Initial Customer Communications Management concepts were focused upon the utilisation of company transactional documents. These documents such as bank statements, statement of account, invoices and other customer transactional documents were viewed as ideal media to promote company products to customers.
The rationale behind this was cited in analyst research by InfoTrends that, "transactional documents are opened and read by more than 90% of consumers. Because the average consumer is bombarded with advertising, e-mail, direct mail and other forms of solicitation each day, TransPromo can help you cut through the clutter and stand out."

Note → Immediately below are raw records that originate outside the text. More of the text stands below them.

lemma scalar_relation_LY_vanishes:
  fixes \<gamma> \<delta> :: "int \<Rightarrow> complex"
  assumes rel: "\<And>m n. m \<noteq> 0 \<Longrightarrow> n \<noteq> 0 \<Longrightarrow>
      of_int m * (of_int m / 2 - of_int n) * \<gamma> n = of_int n * (of_int n / 2 - of_int m) * \<delta> m"
    and n: "n \<noteq> 0"
  shows "\<gamma> n = 0" and "\<delta> n = 0"
proof -
  have diag: "\<gamma> k = \<delta> k" if "k \<noteq> 0" for k
    using rel[of k k] that by (simp add: field_simps)
  have "\<delta> 2 = 0" using rel[of 2 1] by simp
  then have \<gamma>: "\<gamma> k = 0" if "k \<noteq> 0" "k \<noteq> 1" for k
    using rel[of 2 k] that by (simp add: field_simps)
  have "\<delta> 3 = 0" using diag[of 3] \<gamma>[of 3] by simp
  then have "\<gamma> 1 = 0" using rel[of 3 1] by (simp add: field_simps)
  then show "\<gamma> n = 0" using \<gamma> n by (cases "n = 1") auto
  then show "\<delta> n = 0" using diag n by simp
qed

lemma exists_L_shift_onto:
  assumes tw_eq: "of_int (tw e) = 2 * e" and "weight e s \<noteq> 0"
  obtains m t where "m \<noteq> 0" "ad_src e (L m) t = s" "weight e t = weight e s + 2 * m"
    "ad_coeff e (L m) t \<noteq> 0"
proof (cases s)
  case (L j)
  define m :: int where "m = (if j = 1 then 2 else 1)"
  have "m \<noteq> 0" "m \<noteq> j" by (auto simp: m_def)
  then show ?thesis using L that[of m "L (j + m)"] by simp
next
  case (Y j)
  define k where "k = 2 * j + tw e"
  define m :: int where "m = (if k = 1 then 2 else 1)"
  have "m \<noteq> 0" "m \<noteq> k" by (auto simp: m_def)
  have "ad_coeff e (L m) (Y (j + m)) = of_int (m - k) / 2"
    using tw_eq by (simp add: k_def field_simps)
  also have "\<dots> \<noteq> 0" using \<open>m \<noteq> k\<close> by (simp del: of_int_diff)
  finally show ?thesis
    using Y \<open>m \<noteq> 0\<close> that[of m "Y (j + m)"] by (simp add: k_def del: ad_coeff.simps)
next
  case (M j)
  then show ?thesis using assms that[of 1 "M (j + 1)"] by simp
qed

lemma exists_bracket_decomposition:
  assumes tw_eq: "of_int (tw e) = 2 * e"
  obtains x y where "bracket_coeff e x y \<noteq> 0" "bracket_basis e x y = s"
    "weight e x \<noteq> weight e s" "weight e y \<noteq> weight e s"
proof (cases s)
  case (L n)
  show ?thesis
  proof (cases "n = 0")
    case True
    then show ?thesis using L that[of "L 1" "L (-1)"] by simp
  next
    case False
    then show ?thesis using L that[of "L (2 * n)" "L (- n)"] by simp
  qed
next
  case (Y j)
  define k where "k = 2 * j + tw e"
  define m where "m = 2 * k + 1"
  have "bracket_coeff e (L m) (Y (j - m)) = of_int (5 * k + 3) / 2"
    using tw_eq by (simp add: m_def k_def field_simps)
  also have "\<dots> \<noteq> 0" by (simp del: of_int_add of_int_mult, presburger)
  finally have "bracket_coeff e (L m) (Y (j - m)) \<noteq> 0" .
  moreover have "weight e (L m) \<noteq> weight e s" "weight e (Y (j - m)) \<noteq> weight e s"
    using Y tw_cases[of e] unfolding m_def k_def by (simp_all, presburger+)
  ultimately show ?thesis using Y that[of "L m" "Y (j - m)"] by (simp del: bracket_coeff.simps)
next
  case (M j)
  define m where "m = (if j = -1 then 1 else j + 1)"
  have "m \<noteq> 0" "m \<noteq> j" by (auto simp: m_def)
  then show ?thesis using M that[of "L m" "M (j - m)"] by simp
qed

locale basis_bider =
  fixes e :: complex and G :: "svb \<Rightarrow> svb \<Rightarrow> sv"
  assumes tw_eq: "of_int (tw e) = 2 * e"
    and left: "bider_left e G" and right: "bider_right e G"
begin

lemma left_eq:
  "bracket_coeff e a b * G (bracket_basis e a b) c t = ad e a (G b c) t - ad e b (G a c) t"
  using left unfolding bider_left_def by blast

lemma right_eq:
  "bracket_coeff e b c * G a (bracket_basis e b c) t = ad e b (G a c) t - ad e c (G a b) t"
  using right unfolding bider_right_def by blast

lemma weight_eq_left:
  "of_int (weight e t - weight e b) * G b c t = - 2 * ad e b (G (L 0) c) t"
  using left_eq[of "L 0" b c t] tw_eq by (simp add: bracket_coeff_L0 ad_def ad_coeff_L0 field_simps)

lemma weight_eq_right:
  "of_int (weight e t - weight e c) * G a c t = - 2 * ad e c (G a (L 0)) t"
  using right_eq[of "L 0" c a t] tw_eq by (simp add: bracket_coeff_L0 ad_def ad_coeff_L0 field_simps)

lemma L0_L0_L_component: "G (L 0) (L 0) (L k) = 0"
proof (cases "k = 0")
  case True
  then show ?thesis using weight_eq_right[of "L 1" "L 1" "L 0"] by (simp add: ad_def)
next
  case False
  have "G (L k) (L (2 * k)) (L (4 * k)) = 0"
    using weight_eq_right[of "L (4 * k)" "L (2 * k)" "L k"] False by (simp add: ad_def)
  then have "G (L 0) (L (2 * k)) (L (3 * k)) = 0"
    using weight_eq_left[of "L (4 * k)" "L k" "L (2 * k)"] False by (simp add: ad_def)
  then show ?thesis
    using weight_eq_right[of "L (3 * k)" "L (2 * k)" "L 0"] False by (simp add: ad_def)
qed

lemma L0_L0_Y_component: "G (L 0) (L 0) (Y k) = 0"
proof (cases "2 * k + tw e = 0")
  case True
  then have "tw e = 0" "k = 0" using tw_cases[of e] by presburger+
  then show ?thesis
    using weight_eq_right[of "Y 1" "L 1" "L 0"] tw_eq by (simp add: ad_def)
next
  case False
  define q where "q = 2 * k + tw e"
  have q: "q \<noteq> 0" using False q_def by simp
  have coeff1: "ad_coeff e (L q) (Y (k + q)) = 0"
    and coeff2: "ad_coeff e (L q) (Y (k + 3 * q)) = - of_int (2 * q)"
    and coeff3: "ad_coeff e (L (2 * q)) (Y (k + 2 * q)) = of_int q / 2"
    using tw_eq by (simp_all add: q_def field_simps)
  have weight1: "weight e (Y (k + q)) - weight e (L q) = q"
    and weight2: "weight e (Y (k + 3 * q)) - weight e (L (2 * q)) = 3 * q"
    by (simp_all add: q_def)
  have "G (L q) (L 0) (Y (k + q)) = 0"
    using weight_eq_left[of "Y (k + q)" "L q" "L 0", unfolded ad_def coeff1 weight1] q by simp
  then have "G (L q) (L (2 * q)) (Y (k + 3 * q)) = 0"
    using weight_eq_right[of "Y (k + 3 * q)" "L (2 * q)" "L q", unfolded ad_def weight2] q
    by (simp add: ac_simps)
  then have "G (L 0) (L (2 * q)) (Y (k + 2 * q)) = 0"
    using weight_eq_left[of "Y (k + 3 * q)" "L q" "L (2 * q)", unfolded ad_def coeff2] q
    by (simp add: ac_simps)
  then show ?thesis
    using weight_eq_right[of "Y (k + 2 * q)" "L (2 * q)" "L 0", unfolded ad_def coeff3] q
    by (simp add: ac_simps)
qed

end

locale normalised_basis_bider = basis_bider +
  assumes L0_L0_zero: "G (L 0) (L 0) = (\<lambda>_. 0)"
    and L0_L1_L1: "G (L 0) (L 1) (L 1) = 0"
begin

lemma L0_left_homogeneous: "weight e t \<noteq> weight e c \<Longrightarrow> G (L 0) c t = 0"
  using weight_eq_right[of t c "L 0"] by (simp add: L0_L0_zero)

lemma L0_right_homogeneous: "weight e t \<noteq> weight e b \<Longrightarrow> G b (L 0) t = 0"
  using weight_eq_left[of t b "L 0"] by (simp add: L0_L0_zero)

lemma L0_Ln_L_component:
  assumes "n \<noteq> 0"
  shows "G (L 0) (L n) (L n) = 0" and "G (L n) (L 0) (L n) = 0"
proof -
  have rel: "of_int m * of_int (k - m) * G (L 0) (L k) (L k)
      = of_int k * of_int (m - k) * G (L m) (L 0) (L m)" if "m \<noteq> 0" "k \<noteq> 0" for m k
  proof -
    have "2 * of_int k * G (L m) (L k) (L (m + k)) = 2 * (of_int k - of_int m) * G (L 0) (L k) (L k)"
      using weight_eq_left[of "L (m + k)" "L m" "L k"] by (simp add: ad_def algebra_simps)
    moreover have "2 * of_int m * G (L m) (L k) (L (m + k)) = 2 * (of_int m - of_int k) * G (L m) (L 0) (L m)"
      using weight_eq_right[of "L (m + k)" "L k" "L m"] by (simp add: ad_def algebra_simps)
    ultimately show ?thesis by (simp add: algebra_simps) algebra
  qed
  show "G (L 0) (L n) (L n) = 0" and "G (L n) (L 0) (L n) = 0"
    using scalar_relation_LL_vanishes[of "\<lambda>k. G (L 0) (L k) (L k)" "\<lambda>m. G (L m) (L 0) (L m)",
        OF rel L0_L1_L1 assms] by simp_all
qed

lemma L0_Ln_M_component:
  assumes n: "n \<noteq> 0"
  shows "G (L 0) (L n) (M n) = 0" and "G (L n) (L 0) (M n) = 0"
proof -
  have rel: "G (L 0) (L k) (M k) = G (L m) (L 0) (M m)" if "m \<noteq> 0" "k \<noteq> 0" for m k
  proof -
    have "of_int k * G (L m) (L k) (M (m + k)) = of_int k * G (L 0) (L k) (M k)"
      using weight_eq_left[of "M (m + k)" "L m" "L k"] by (simp add: ad_def algebra_simps)
    moreover have "of_int m * G (L m) (L k) (M (m + k)) = of_int m * G (L m) (L 0) (M m)"
      using weight_eq_right[of "M (m + k)" "L k" "L m"] by (simp add: ad_def algebra_simps)
    ultimately show ?thesis using that by simp
  qed
  have "G (L 0) (L 1) (M 1) + G (L 0) (L (-1)) (M (-1)) = 0"
    using right_eq[of "L 1" "L (-1)" "L 0" "M 0"] by (simp add: L0_L0_zero ad_def add_ac)
  moreover have "G (L 0) (L 1) (M 1) = G (L 0) (L (-1)) (M (-1))"
    using rel[of 1 1] rel[of 1 "-1"] by simp
  ultimately have "G (L 0) (L 1) (M 1) = 0" by simp
  then show "G (L 0) (L n) (M n) = 0" and "G (L n) (L 0) (M n) = 0"
    using rel[of 1 n] rel[of 1 1] rel[of n 1] n by simp_all
qed

lemma L0_Ln_Y_component:
  assumes "tw e = 0" and "n \<noteq> 0"
  shows "G (L 0) (L n) (Y n) = 0" and "G (L n) (L 0) (Y n) = 0"
proof -
  have "e = 0" using tw_eq assms(1) by simp
  have rel: "of_int m * (of_int m / 2 - of_int k) * G (L 0) (L k) (Y k)
      = of_int k * (of_int k / 2 - of_int m) * G (L m) (L 0) (Y m)" if "m \<noteq> 0" "k \<noteq> 0" for m k
  proof -
    have "2 * of_int k * G (L m) (L k) (Y (m + k)) = - 2 * (of_int m / 2 - of_int k) * G (L 0) (L k) (Y k)"
      using weight_eq_left[of "Y (m + k)" "L m" "L k"] assms(1) \<open>e = 0\<close>
      by (simp add: ad_def algebra_simps)
    moreover have "2 * of_int m * G (L m) (L k) (Y (m + k)) = - 2 * (of_int k / 2 - of_int m) * G (L m) (L 0) (Y m)"
      using weight_eq_right[of "Y (m + k)" "L k" "L m"] assms(1) \<open>e = 0\<close>
      by (simp add: ad_def algebra_simps)
    ultimately show ?thesis by algebra
  qed
  show "G (L 0) (L n) (Y n) = 0" and "G (L n) (L 0) (Y n) = 0"
    using scalar_relation_LY_vanishes[of "\<lambda>k. G (L 0) (L k) (Y k)" "\<lambda>m. G (L m) (L 0) (Y m)",
        OF rel assms(2)] by simp_all
qed

lemma L0_Ln_zero:
  assumes n: "n \<noteq> 0"
  shows "G (L 0) (L n) = (\<lambda>_. 0)" and "G (L n) (L 0) = (\<lambda>_. 0)"
proof -
  have "G (L 0) (L n) t = 0 \<and> G (L n) (L 0) t = 0" for t
  proof (cases "weight e t = weight e (L n)")
    case False
    then show ?thesis using L0_left_homogeneous L0_right_homogeneous by blast
  next
    case True
    show ?thesis
    proof (cases t)
      case (L j)
      then show ?thesis using True L0_Ln_L_component[OF n] by simp
    next
      case (M j)
      then show ?thesis using True L0_Ln_M_component[OF n] by simp
    next
      case (Y j)
      with True have "tw e = 0 \<and> j = n" using tw_cases[of e] by (auto; presburger)
      then show ?thesis using Y L0_Ln_Y_component[OF _ n] by simp
    qed
  qed
  then show "G (L 0) (L n) = (\<lambda>_. 0)" and "G (L n) (L 0) = (\<lambda>_. 0)"
    by auto
qed

(* The s-coefficient of G (L 0) c is a nonzero multiple of the t-coefficient of G (L m) c,
   which vanishes because t and c have different weights. *)
lemma L0_left_zero_of_weight_ne0:
  assumes c: "weight e c \<noteq> 0"
  shows "G (L 0) c = (\<lambda>_. 0)"
proof
  fix s
  show "G (L 0) c s = 0"
  proof (cases "weight e s = weight e c")
    case False
    then show ?thesis by (rule L0_left_homogeneous)
  next
    case True
    with c obtain m t where m: "m \<noteq> 0" and src: "ad_src e (L m) t = s"
      and wt: "weight e t = weight e s + 2 * m" and coeff: "ad_coeff e (L m) t \<noteq> 0"
      using exists_L_shift_onto[OF tw_eq] by metis
    have "G (L m) c t = 0"
      using weight_eq_right[of t c "L m"] L0_Ln_zero(2)[OF m] True wt m by simp
    then show ?thesis
      using weight_eq_left[of t "L m" c] coeff src by (simp add: ad_def)
  qed
qed

lemma L0_right_zero_of_weight_ne0:
  assumes b: "weight e b \<noteq> 0"
  shows "G b (L 0) = (\<lambda>_. 0)"
proof
  fix s
  show "G b (L 0) s = 0"
  proof (cases "weight e s = weight e b")
    case False
    then show ?thesis by (rule L0_right_homogeneous)
  next
    case True
    with b obtain m t where m: "m \<noteq> 0" and src: "ad_src e (L m) t = s"
      and wt: "weight e t = weight e s + 2 * m" and coeff: "ad_coeff e (L m) t \<noteq> 0"
      using exists_L_shift_onto[OF tw_eq] by metis
    have "G b (L m) t = 0"
      using weight_eq_left[of t b "L m"] L0_Ln_zero(1)[OF m] True wt m by simp
    then show ?thesis
      using weight_eq_right[of t "L m" b] coeff src by (simp add: ad_def)
  qed
qed

lemma L0_left_zero: "G (L 0) c = (\<lambda>_. 0)"
proof (cases "weight e c = 0")
  case False
  then show ?thesis by (rule L0_left_zero_of_weight_ne0)
next
  case True
  obtain x y where "bracket_coeff e x y \<noteq> 0" "bracket_basis e x y = c"
    "weight e x \<noteq> weight e c" "weight e y \<noteq> weight e c"
    using exists_bracket_decomposition[OF tw_eq] .
  then show ?thesis
    using right_eq[of x y "L 0"] True L0_left_zero_of_weight_ne0[of x] L0_left_zero_of_weight_ne0[of y]
    by (simp add: fun_eq_iff)
qed

lemma L0_right_zero: "G b (L 0) = (\<lambda>_. 0)"
proof (cases "weight e b = 0")
  case False
  then show ?thesis by (rule L0_right_zero_of_weight_ne0)
next
  case True
  obtain x y where "bracket_coeff e x y \<noteq> 0" "bracket_basis e x y = b"
    "weight e x \<noteq> weight e b" "weight e y \<noteq> weight e b"
    using exists_bracket_decomposition[OF tw_eq] .
  then show ?thesis
    using left_eq[of x y "L 0"] True L0_right_zero_of_weight_ne0[of x] L0_right_zero_of_weight_ne0[of y]
    by (simp add: fun_eq_iff)
qed

lemma zero_of_weight_ne:
  assumes "weight e b \<noteq> weight e c"
  shows "G b c = (\<lambda>_. 0)"
proof
  fix t
  show "G b c t = 0"
  proof (cases "weight e t = weight e b")
    case False
    then show ?thesis using weight_eq_left[of t b c] by (simp add: L0_left_zero)
  next
    case True
    then show ?thesis using assms weight_eq_right[of t c b] by (simp add: L0_right_zero)
  qed
qed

Not only are transactional documents more likely to be opened and observed than other types of document, they are also more likely to be studied for longer than say a direct mail piece. Thus, a company has an opportunity to communicate and promote its message to the customer. Customer Communication Management (CCM) was created and developed for PITNEY BOWES and Group 1 Software by Jeff Cohen. CCM has become an industry term used by participating companies and analysts.
The technology that supports customer communications management also allows sophistication in the content of the messages. Customer communications management technology may consist of the following components:
- Data Extraction, Transform & Load software
- Data Management, Analysis and location intelligence software.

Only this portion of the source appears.